§ **MATERIALS PROVIDED**
fun test_val :: "nat \<Rightarrow> sublevel \<Rightarrow> valuation" where
  "test_val N (SA E x S) = (\<lambda>y. if y = x then N else if y \<in> E then 1 else 0)"
| "test_val N (SB E S) = (\<lambda>y. if y \<in> E then 1 else 0)"

lemma sval_test_val_pos: "in_Ls u \<Longrightarrow> 0 < N \<Longrightarrow> 0 < sval u (test_val N u)"
  by (cases u) auto

lemma sval_nonzero_vars: "sval v \<sigma> \<noteq> 0 \<Longrightarrow> y \<in> vars v \<Longrightarrow> \<sigma> y \<noteq> 0"
  by (cases v) (auto split: if_splits)

lemma test_val_nonzero_vars: "in_Ls u \<Longrightarrow> test_val N u y \<noteq> 0 \<Longrightarrow> y \<in> vars u"
  by (cases u) (auto split: if_splits)

lemma vars_subset_if_sval_test_val:
  "in_Ls u \<Longrightarrow> sval v (test_val N u) \<noteq> 0 \<Longrightarrow> vars v \<subseteq> vars u"
  using sval_nonzero_vars test_val_nonzero_vars by blast

(* On test_val N (SA E x S) the sublevel SA E x S has value N + S; as N exceeds every
   offset + 1 of v, only v = SA E' x S' with E' \<subseteq> E and S \<le> S' can reach it. *)
lemma sub_le_iff_test_val:
  assumes u: "in_Ls u" and v: "in_Ls v" and N: "offset v + 1 < N"
  shows "sub_le u v \<longleftrightarrow> sval u (test_val N u) \<le> sval v (test_val N u)"
proof
  assume le: "sval u (test_val N u) \<le> sval v (test_val N u)"
  then have nz: "sval v (test_val N u) \<noteq> 0"
    using sval_test_val_pos[OF u, of N] N by linarith
  have sub: "vars v \<subseteq> vars u"
    using vars_subset_if_sval_test_val[OF u nz] .
  show "sub_le u v"
  proof (cases u; cases v)
    fix E x S E' x' S'
    assume [simp]: "u = SA E x S" "v = SA E' x' S'"
    have "x' = x" "S \<le> S'"
      using le N nz sub v by (auto split: if_splits)
    then show ?thesis
      using sub by (fastforce simp: sub_le_def)
  next
    fix E S E' x' S'
    assume [simp]: "u = SB E S" "v = SA E' x' S'"
    have "S \<le> S' + 1"
      using le nz sub v by (auto split: if_splits)
    then show ?thesis
      using sub v by (fastforce simp: sub_le_def)
  qed (use le N nz sub in \<open>fastforce simp: sub_le_def split: if_splits\<close>)+
qed (simp add: sub_le_def)

lemma sub_le_member_if_le_maxval:
  assumes u: "in_Ls u" and V: "finite V" "\<forall>v\<in>V. in_Ls v"
    and le: "\<forall>\<sigma>. sval u \<sigma> \<le> maxval V \<sigma>"
  shows "\<exists>v\<in>V. sub_le u v"
proof -
  define N where "N = Max (insert 0 (offset ` V)) + 2"
  have N: "offset v + 1 < N" if "v \<in> V" for v
    using V(1) that by (simp add: N_def less_Suc_eq_le)
  have "0 < sval u (test_val N u)"
    using sval_test_val_pos[OF u] by (simp add: N_def)
  moreover have "sval u (test_val N u) \<le> maxval V (test_val N u)"
    using le by blast
  ultimately obtain v where "v \<in> V" "sval u (test_val N u) \<le> sval v (test_val N u)"
    using le_maxval_iff[OF V(1)] by auto
  then show ?thesis
    using sub_le_iff_test_val[OF u _ N] V(2) by blast
qed

lemma in_Lr_subset_if_maxval_eq:
  assumes U: "in_Lr U" and V: "in_Lr V" and eq: "\<forall>\<sigma>. maxval U \<sigma> = maxval V \<sigma>"
  shows "U \<subseteq> V"
proof
  fix u assume "u \<in> U"
  have fin: "finite U" "finite V" and Ls: "\<forall>w\<in>U. in_Ls w" "\<forall>w\<in>V. in_Ls w"
    using U V by (auto simp: in_Lr_def)
  obtain v where "v \<in> V" "sub_le u v"
    using sub_le_member_if_le_maxval[of u V] maxval_ge[OF fin(1) \<open>u \<in> U\<close>] eq fin Ls \<open>u \<in> U\<close>
    by metis
  moreover obtain u' where "u' \<in> U" "sub_le v u'"
    using sub_le_member_if_le_maxval[of v U] maxval_ge[OF fin(2) \<open>v \<in> V\<close>] eq fin Ls \<open>v \<in> V\<close>
    by metis
  ultimately have "u' = u"
    using U \<open>u \<in> U\<close> sub_le_trans unfolding in_Lr_def incomparable_def by metis
  then have "u = v"
    using sub_le_antisym Ls \<open>u \<in> U\<close> \<open>v \<in> V\<close> \<open>sub_le u v\<close> \<open>sub_le v u'\<close> by blast
  then show "u \<in> V"
    using \<open>v \<in> V\<close> by simp
qed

§ **THE PROBLEM**
Above are some records; copy exactly the lines from the one with "qed (use le" through the one with "moreover obtain u'", both included, and no others.

§ **ANSWER FOR THE TASK**
  qed (use le N nz sub in \<open>fastforce simp: sub_le_def split: if_splits\<close>)+
qed (simp add: sub_le_def)

lemma sub_le_member_if_le_maxval:
  assumes u: "in_Ls u" and V: "finite V" "\<forall>v\<in>V. in_Ls v"
    and le: "\<forall>\<sigma>. sval u \<sigma> \<le> maxval V \<sigma>"
  shows "\<exists>v\<in>V. sub_le u v"
proof -
  define N where "N = Max (insert 0 (offset ` V)) + 2"
  have N: "offset v + 1 < N" if "v \<in> V" for v
    using V(1) that by (simp add: N_def less_Suc_eq_le)
  have "0 < sval u (test_val N u)"
    using sval_test_val_pos[OF u] by (simp add: N_def)
  moreover have "sval u (test_val N u) \<le> maxval V (test_val N u)"
    using le by blast
  ultimately obtain v where "v \<in> V" "sval u (test_val N u) \<le> sval v (test_val N u)"
    using le_maxval_iff[OF V(1)] by auto
  then show ?thesis
    using sub_le_iff_test_val[OF u _ N] V(2) by blast
qed

lemma in_Lr_subset_if_maxval_eq:
  assumes U: "in_Lr U" and V: "in_Lr V" and eq: "\<forall>\<sigma>. maxval U \<sigma> = maxval V \<sigma>"
  shows "U \<subseteq> V"
proof
  fix u assume "u \<in> U"
  have fin: "finite U" "finite V" and Ls: "\<forall>w\<in>U. in_Ls w" "\<forall>w\<in>V. in_Ls w"
    using U V by (auto simp: in_Lr_def)
  obtain v where "v \<in> V" "sub_le u v"
    using sub_le_member_if_le_maxval[of u V] maxval_ge[OF fin(1) \<open>u \<in> U\<close>] eq fin Ls \<open>u \<in> U\<close>
    by metis
  moreover obtain u' where "u' \<in> U" "sub_le v u'"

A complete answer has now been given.